Diante disso, questiona-se o que fazer frente a uma situação como esta, onde alguns querem e precisam tanto de uma oportunidade como a citada acima, para assim, de algum modo aprender a lidar com seus problemas e ganhar seu próprio dinheiro, mas são marcadas pelo estigma da intolerância que carrega o sofrimento mental. Na atualidade prega-se tanto a respeito da inclusão social, do respeito ao próximo, da ajuda mútua, mas são nessas horas que se vê o tanto que falar é fácil e difícil é por em prática o que se fala.
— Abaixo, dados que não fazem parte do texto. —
(* Let $(\mathcal T,\otimes)$ be an $M$-compatible tensor triangulated category and let $\mathscr E$ be a split generator of $\mathcal T$. Let $\tau_{\mathscr E}=-\otimes\mathscr E$ (a triangulated endofunctor of $\mathcal T$). Then $\mathrm{Spc}_\otimes\mathcal T=\mathrm{Spc}^{\tau_{\mathscr E}}\mathcal T\subset\mathrm{Spc}_\triangle\mathcal T$.
   Context: All categories and functors are $k$-linear; triangulated categories are essentially small. For a triangulated category $\mathcal T$, $\mathrm{Th}(\mathcal T)$ is the set of thick subcategories (triangulated full subcategories closed under direct summands) with the Balmer topology (closed sets $V(\mathcal E)=\{\mathcal I:\mathcal I\cap\mathcal E=\emptyset\}$); $\mathscr E$ is a split generator if the smallest thick subcategory containing $\mathscr E$ is $\mathcal T$. A thick subcategory $\mathcal P$ is prime if the thick subcategories strictly containing it have a smallest element; $\mathrm{Spc}_\triangle\mathcal T$ is the subspace of prime thick subcategories. For a triangulated endofunctor $\tau$, $\tau^{-1}(\mathcal P)=\{M:\tau(M)\in\mathcal P\}$ and $\mathrm{Spc}^\tau\mathcal T=\{\mathcal P\in\mathrm{Spc}_\triangle\mathcal T:\tau^{-1}(\mathcal P)=\mathcal P\}$. In a tt-category $(\mathcal T,\otimes)$: a $\otimes$-ideal is a thick $\mathcal I$ with $M\otimes N\in\mathcal I$ for all $M\in\mathcal T,N\in\mathcal I$; a prime $\otimes$-ideal is a $\otimes$-ideal $\mathcal P\neq\mathcal T$ with $M\otimes N\in\mathcal P\Rightarrow M\in\mathcal P$ or $N\in\mathcal P$; $\mathrm{Spc}_\otimes\mathcal T$ is the subspace of prime $\otimes$-ideals. $(\mathcal T,\otimes)$ is $M$-compatible if a thick subcategory is a prime $\otimes$-ideal if and only if it is a prime thick subcategory that is a $\otimes$-ideal. *)

theory Defs
  imports Main
begin

text \<open>
  Object-level model of a (tensor) triangulated category.
  The data record:
   - tiso X Y    : X and Y are isomorphic,
   - tzero       : a zero object,
   - tshift, tshift_inv : the suspension functor and a quasi-inverse (on objects),
   - tsum X Y    : the direct sum (biproduct),
   - tdist X Y Z : there is a distinguished triangle X \<rightarrow> Y \<rightarrow> Z \<rightarrow> \<Sigma> X.
  Thick subcategories, primes, tensor ideals etc. are all determined by these data
  (full subcategories are identified with their sets of objects).
\<close>

record 'o tri_cat =
  tiso :: "'o \<Rightarrow> 'o \<Rightarrow> bool"
  tzero :: 'o
  tshift :: "'o \<Rightarrow> 'o"
  tshift_inv :: "'o \<Rightarrow> 'o"
  tsum :: "'o \<Rightarrow> 'o \<Rightarrow> 'o"
  tdist :: "'o \<Rightarrow> 'o \<Rightarrow> 'o \<Rightarrow> bool"

record 'o tt_cat = "'o tri_cat" +
  ttensor :: "'o \<Rightarrow> 'o \<Rightarrow> 'o"
  tunit :: 'o

text \<open>Object-level shadow of the axioms of a triangulated category.\<close>
definition triangulated :: "('o, 'z) tri_cat_scheme \<Rightarrow> bool" where
  "triangulated T \<longleftrightarrow>
     equivp (tiso T)
   \<and> (\<forall>X Y. tiso T X Y \<longrightarrow> tiso T (tshift T X) (tshift T Y))
   \<and> (\<forall>X Y. tiso T X Y \<longrightarrow> tiso T (tshift_inv T X) (tshift_inv T Y))
   \<and> (\<forall>X. tiso T (tshift T (tshift_inv T X)) X \<and> tiso T (tshift_inv T (tshift T X)) X)
   \<and> tiso T (tshift T (tzero T)) (tzero T)
   \<and> (\<forall>X X' Y Y'. tiso T X X' \<longrightarrow> tiso T Y Y' \<longrightarrow> tiso T (tsum T X Y) (tsum T X' Y'))
   \<and> (\<forall>X Y. tiso T (tsum T X Y) (tsum T Y X))
   \<and> (\<forall>X. tiso T (tsum T X (tzero T)) X)
   \<and> (\<forall>X Y Z X' Y' Z'. tdist T X Y Z \<longrightarrow> tiso T X X' \<longrightarrow> tiso T Y Y' \<longrightarrow> tiso T Z Z'
        \<longrightarrow> tdist T X' Y' Z')
   \<and> (\<forall>X. tdist T X X (tzero T))
   \<and> (\<forall>X Y. tdist T X (tsum T X Y) Y)
   \<and> (\<forall>X Y. \<exists>Z. tdist T X Y Z)
   \<and> (\<forall>X Y Z. tdist T X Y Z \<longleftrightarrow> tdist T Y Z (tshift T X))"

definition triangulated_functor :: "('o, 'z) tri_cat_scheme \<Rightarrow> ('o \<Rightarrow> 'o) \<Rightarrow> bool" where
  "triangulated_functor T F \<longleftrightarrow>
     (\<forall>X Y. tiso T X Y \<longrightarrow> tiso T (F X) (F Y))
   \<and> (\<forall>X Y Z. tdist T X Y Z \<longrightarrow> tdist T (F X) (F Y) (F Z))
   \<and> (\<forall>X. tiso T (F (tshift T X)) (tshift T (F X)))
   \<and> tiso T (F (tzero T)) (tzero T)
   \<and> (\<forall>X Y. tiso T (F (tsum T X Y)) (tsum T (F X) (F Y)))"

definition tt_category :: "('o, 'z) tt_cat_scheme \<Rightarrow> bool" where
  "tt_category T \<longleftrightarrow>
     triangulated T
   \<and> (\<forall>M. triangulated_functor T (\<lambda>X. ttensor T M X))
   \<and> (\<forall>M. triangulated_functor T (\<lambda>X. ttensor T X M))
   \<and> (\<forall>X Y. tiso T (ttensor T X Y) (ttensor T Y X))
   \<and> (\<forall>X Y Z. tiso T (ttensor T (ttensor T X Y) Z) (ttensor T X (ttensor T Y Z)))
   \<and> (\<forall>X. tiso T (ttensor T (tunit T) X) X)"

definition thick :: "('o, 'z) tri_cat_scheme \<Rightarrow> 'o set \<Rightarrow> bool" where
  "thick T I \<longleftrightarrow>
     tzero T \<in> I
   \<and> (\<forall>X Y. tiso T X Y \<longrightarrow> X \<in> I \<longrightarrow> Y \<in> I)
   \<and> (\<forall>X. X \<in> I \<longrightarrow> tshift T X \<in> I)
   \<and> (\<forall>X. X \<in> I \<longrightarrow> tshift_inv T X \<in> I)
   \<and> (\<forall>X Y Z. tdist T X Y Z \<longrightarrow> X \<in> I \<longrightarrow> Y \<in> I \<longrightarrow> Z \<in> I)
   \<and> (\<forall>X Y Z. tdist T X Y Z \<longrightarrow> Y \<in> I \<longrightarrow> Z \<in> I \<longrightarrow> X \<in> I)
   \<and> (\<forall>X Y Z. tdist T X Y Z \<longrightarrow> X \<in> I \<longrightarrow> Z \<in> I \<longrightarrow> Y \<in> I)
   \<and> (\<forall>X Y. tsum T X Y \<in> I \<longrightarrow> X \<in> I)"

definition thick_closure :: "('o, 'z) tri_cat_scheme \<Rightarrow> 'o set \<Rightarrow> 'o set" where
  "thick_closure T S = \<Inter>{I. thick T I \<and> S \<subseteq> I}"

definition split_generator :: "('o, 'z) tri_cat_scheme \<Rightarrow> 'o \<Rightarrow> bool" where
  "split_generator T E \<longleftrightarrow> thick_closure T {E} = UNIV"

definition prime_thick :: "('o, 'z) tri_cat_scheme \<Rightarrow> 'o set \<Rightarrow> bool" where
  "prime_thick T P \<longleftrightarrow> thick T P \<and>
     (\<exists>Q. thick T Q \<and> P \<subset> Q \<and> (\<forall>Q'. thick T Q' \<and> P \<subset> Q' \<longrightarrow> Q \<subseteq> Q'))"

definition Spc_tri :: "('o, 'z) tri_cat_scheme \<Rightarrow> 'o set set" where
  "Spc_tri T = {P. prime_thick T P}"

definition Spc_fix :: "('o, 'z) tri_cat_scheme \<Rightarrow> ('o \<Rightarrow> 'o) \<Rightarrow> 'o set set" where
  "Spc_fix T \<tau> = {P \<in> Spc_tri T. \<tau> -` P = P}"

definition tensor_ideal :: "('o, 'z) tt_cat_scheme \<Rightarrow> 'o set \<Rightarrow> bool" where
  "tensor_ideal T I \<longleftrightarrow> thick T I \<and> (\<forall>M N. N \<in> I \<longrightarrow> ttensor T M N \<in> I)"

definition prime_tensor_ideal :: "('o, 'z) tt_cat_scheme \<Rightarrow> 'o set \<Rightarrow> bool" where
  "prime_tensor_ideal T P \<longleftrightarrow> tensor_ideal T P \<and> P \<noteq> UNIV
     \<and> (\<forall>M N. ttensor T M N \<in> P \<longrightarrow> M \<in> P \<or> N \<in> P)"

definition Spc_tensor :: "('o, 'z) tt_cat_scheme \<Rightarrow> 'o set set" where
  "Spc_tensor T = {P. prime_tensor_ideal T P}"

definition M_compatible :: "('o, 'z) tt_cat_scheme \<Rightarrow> bool" where
  "M_compatible T \<longleftrightarrow>
     (\<forall>I. thick T I \<longrightarrow> (prime_tensor_ideal T I \<longleftrightarrow> prime_thick T I \<and> tensor_ideal T I))"

end

theory Submission
  imports Defs
begin

text \<open>
  A prime \<open>\<otimes>\<close>-ideal \<open>P\<close> is fixed by \<open>- \<otimes> E\<close>: if \<open>M \<otimes> E \<in> P\<close> then \<open>M \<in> P\<close>,
  because \<open>E \<in> P\<close> would force \<open>P\<close> to be everything. Conversely, if a prime thick
  subcategory \<open>P\<close> is fixed by \<open>- \<otimes> E\<close> and \<open>N \<in> P\<close>, then \<open>{X. X \<otimes> N \<in> P}\<close> is a thick
  subcategory containing the split generator \<open>E\<close>, hence everything, so \<open>P\<close> is a
  \<open>\<otimes>\<close>-ideal. \<open>M\<close>-compatibility then identifies the two kinds of primes.
\<close>

lemma thick_iso_closed:
  assumes "thick T I" "tiso T X Y" "X \<in> I"
  shows "Y \<in> I"
  using assms unfolding thick_def by blast

lemma thick_vimage_triangulated_functor:
  assumes tri: "triangulated T" and F: "triangulated_functor T F" and P: "thick T P"
  shows "thick T (F -` P)"
proof -
  have iso_sym: "\<And>X Y. tiso T X Y \<Longrightarrow> tiso T Y X"
    using tri unfolding triangulated_def by (meson equivp_symp)
  have shift_shift_inv: "\<And>X. tiso T (tshift T (tshift_inv T X)) X"
    and shift_inv_shift: "\<And>X. tiso T (tshift_inv T (tshift T X)) X"
    using tri unfolding triangulated_def by simp_all
  note rep = thick_iso_closed[OF P]
  have F_iso: "\<And>X Y. tiso T X Y \<Longrightarrow> tiso T (F X) (F Y)"
    and F_dist: "\<And>X Y Z. tdist T X Y Z \<Longrightarrow> tdist T (F X) (F Y) (F Z)"
    and F_shift: "\<And>X. tiso T (F (tshift T X)) (tshift T (F X))"
    and F_zero: "tiso T (F (tzero T)) (tzero T)"
    and F_sum: "\<And>X Y. tiso T (F (tsum T X Y)) (tsum T (F X) (F Y))"
    using F unfolding triangulated_functor_def by blast+
  have P_zero: "tzero T \<in> P"
    and P_shift: "\<And>X. X \<in> P \<Longrightarrow> tshift T X \<in> P"
    and P_sum: "\<And>X Y. tsum T X Y \<in> P \<Longrightarrow> X \<in> P"
    and P_dist1: "\<And>X Y Z. tdist T X Y Z \<Longrightarrow> X \<in> P \<Longrightarrow> Y \<in> P \<Longrightarrow> Z \<in> P"
    and P_dist2: "\<And>X Y Z. tdist T X Y Z \<Longrightarrow> Y \<in> P \<Longrightarrow> Z \<in> P \<Longrightarrow> X \<in> P"
    and P_dist3: "\<And>X Y Z. tdist T X Y Z \<Longrightarrow> X \<in> P \<Longrightarrow> Z \<in> P \<Longrightarrow> Y \<in> P"
    using P unfolding thick_def by blast+
  have shift_inv: "tshift_inv T X \<in> F -` P" if "F X \<in> P" for X
  proof -
    have "F (tshift T (tshift_inv T X)) \<in> P"
      using rep[OF iso_sym[OF F_iso[OF shift_shift_inv]] that] .
    then have "tshift T (F (tshift_inv T X)) \<in> P" using rep[OF F_shift] by blast
    then have "tshift_inv T (tshift T (F (tshift_inv T X))) \<in> P"
      using P unfolding thick_def by blast
    then show ?thesis using rep[OF shift_inv_shift] by simp
  qed
  show ?thesis
    unfolding thick_def
  proof (intro conjI allI impI)
    show "tzero T \<in> F -` P" using rep[OF iso_sym[OF F_zero] P_zero] by simp
  next
    fix X Y assume "tiso T X Y" "X \<in> F -` P"
    then show "Y \<in> F -` P" using rep F_iso by blast
  next
    fix X assume "X \<in> F -` P"
    then show "tshift T X \<in> F -` P" using rep[OF iso_sym[OF F_shift]] P_shift by simp
  next
    fix X assume "X \<in> F -` P"
    then show "tshift_inv T X \<in> F -` P" using shift_inv by simp
  next
    fix X Y Z assume "tdist T X Y Z" "X \<in> F -` P" "Y \<in> F -` P"
    then show "Z \<in> F -` P" using P_dist1 F_dist by blast
  next
    fix X Y Z assume "tdist T X Y Z" "Y \<in> F -` P" "Z \<in> F -` P"
    then show "X \<in> F -` P" using P_dist2 F_dist by blast
  next
    fix X Y Z assume "tdist T X Y Z" "X \<in> F -` P" "Z \<in> F -` P"
    then show "Y \<in> F -` P" using P_dist3 F_dist by blast
  next
    fix X Y assume "tsum T X Y \<in> F -` P"
    then show "X \<in> F -` P" using rep[OF F_sum] P_sum by blast
  qed
qed

lemma split_generator_thick_eq_UNIV:
  assumes "split_generator T E" "thick T I" "E \<in> I"
  shows "I = UNIV"
  using assms unfolding split_generator_def thick_closure_def by blast

lemma tensor_ideal_tensor_right:
  assumes "tt_category T" "tensor_ideal T I" "N \<in> I"
  shows "ttensor T N M \<in> I"
proof -
  have "thick T I" using assms(2) unfolding tensor_ideal_def by blast
  moreover have "tiso T (ttensor T M N) (ttensor T N M)"
    using assms(1) unfolding tt_category_def by blast
  moreover have "ttensor T M N \<in> I" using assms(2,3) unfolding tensor_ideal_def by blast
  ultimately show ?thesis by (rule thick_iso_closed)
qed

lemma prime_tensor_ideal_vimage_tensor_split_generator:
  assumes tt: "tt_category T" and gen: "split_generator T E" and P: "prime_tensor_ideal T P"
  shows "(\<lambda>M. ttensor T M E) -` P = P"
proof (intro set_eqI iffI)
  have "thick T P" and "P \<noteq> UNIV"
    using P unfolding prime_tensor_ideal_def tensor_ideal_def by blast+
  then have "E \<notin> P" using split_generator_thick_eq_UNIV[OF gen] by blast
  moreover fix M assume "M \<in> (\<lambda>M. ttensor T M E) -` P"
  ultimately show "M \<in> P" using P unfolding prime_tensor_ideal_def by auto
next
  fix M assume "M \<in> P"
  moreover have "tensor_ideal T P" using P unfolding prime_tensor_ideal_def by blast
  ultimately show "M \<in> (\<lambda>M. ttensor T M E) -` P"
    using tensor_ideal_tensor_right[OF tt] by simp
qed

lemma tensor_ideal_if_vimage_tensor_split_generator:
  assumes tt: "tt_category T" and gen: "split_generator T E" and P: "thick T P"
    and fixed: "(\<lambda>M. ttensor T M E) -` P = P"
  shows "tensor_ideal T P"
  unfolding tensor_ideal_def
proof (intro conjI P allI impI)
  fix M N assume "N \<in> P"
  then have "ttensor T N E \<in> P" using fixed by blast
  moreover have "tiso T (ttensor T N E) (ttensor T E N)"
    using tt unfolding tt_category_def by blast
  ultimately have "E \<in> (\<lambda>X. ttensor T X N) -` P" using thick_iso_closed[OF P] by simp
  moreover have "thick T ((\<lambda>X. ttensor T X N) -` P)"
  proof (rule thick_vimage_triangulated_functor[OF _ _ P])
    show "triangulated T" "triangulated_functor T (\<lambda>X. ttensor T X N)"
      using tt unfolding tt_category_def by blast+
  qed
  ultimately have "(\<lambda>X. ttensor T X N) -` P = UNIV"
    using split_generator_thick_eq_UNIV[OF gen] by blast
  then show "ttensor T M N \<in> P" by blast
qed

theorem mainTheorem6:
  fixes T :: "('o, 'z) tt_cat_scheme" and E :: 'o
  assumes "tt_category T"
    and "M_compatible T"
    and "split_generator T E"
  shows "Spc_tensor T = Spc_fix T (\<lambda>M. ttensor T M E) \<and> Spc_fix T (\<lambda>M. ttensor T M E) \<subseteq> Spc_tri T"
proof -
  have "prime_tensor_ideal T P \<longleftrightarrow> prime_thick T P \<and> (\<lambda>M. ttensor T M E) -` P = P" for P
  proof
    assume prime: "prime_tensor_ideal T P"
    then have "thick T P" unfolding prime_tensor_ideal_def tensor_ideal_def by blast
    then have "prime_thick T P" using prime assms(2) unfolding M_compatible_def by blast
    with prime show "prime_thick T P \<and> (\<lambda>M. ttensor T M E) -` P = P"
      using prime_tensor_ideal_vimage_tensor_split_generator[OF assms(1,3)] by blast
  next
    assume fixed_prime: "prime_thick T P \<and> (\<lambda>M. ttensor T M E) -` P = P"
    then have "thick T P" unfolding prime_thick_def by blast
    with fixed_prime have "tensor_ideal T P"
      using tensor_ideal_if_vimage_tensor_split_generator[OF assms(1,3)] by blast
    with fixed_prime \<open>thick T P\<close> show "prime_tensor_ideal T P"
      using assms(2) unfolding M_compatible_def by blast
  qed
  then show ?thesis unfolding Spc_tensor_def Spc_fix_def Spc_tri_def by blast
qed

end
O mercado de trabalho tem se tornado algo cada dia mais seletivo e exigente; busca pessoas quase perfeitas, que não podem ter o direito de ficar doentes, de ter uma família, de usufruir de férias, ou até mesmo de aprender algo a mais e subir de cargo. O crescimento profissional e social demanda anos para ser conquistado e tem sido contingente ao desenvolvimento do stress, de palavras e movimentos repetitivos fora do ambiente de trabalho e de sofrimento mental.

O medo e o preconceito ainda são vigentes na sociedade, principalmente em relação às pessoas que usam um serviço de saúde mental. Este fato é algo complexo para se discutir, é preciso haver mudança em relação a esse estigma, o da “loucura”. Desse modo existe a possibilidade de se utilizar das muitas práticas e medidas existentes, tais como promover a reinserção das pessoas que vivenciam experiências de crise, ou seja, de rompimento drástico com a cadeia relacional e simbólica. Para isso acontecer é necessário um conjunto de ações do Estado, legislativas, culturais e comunitárias.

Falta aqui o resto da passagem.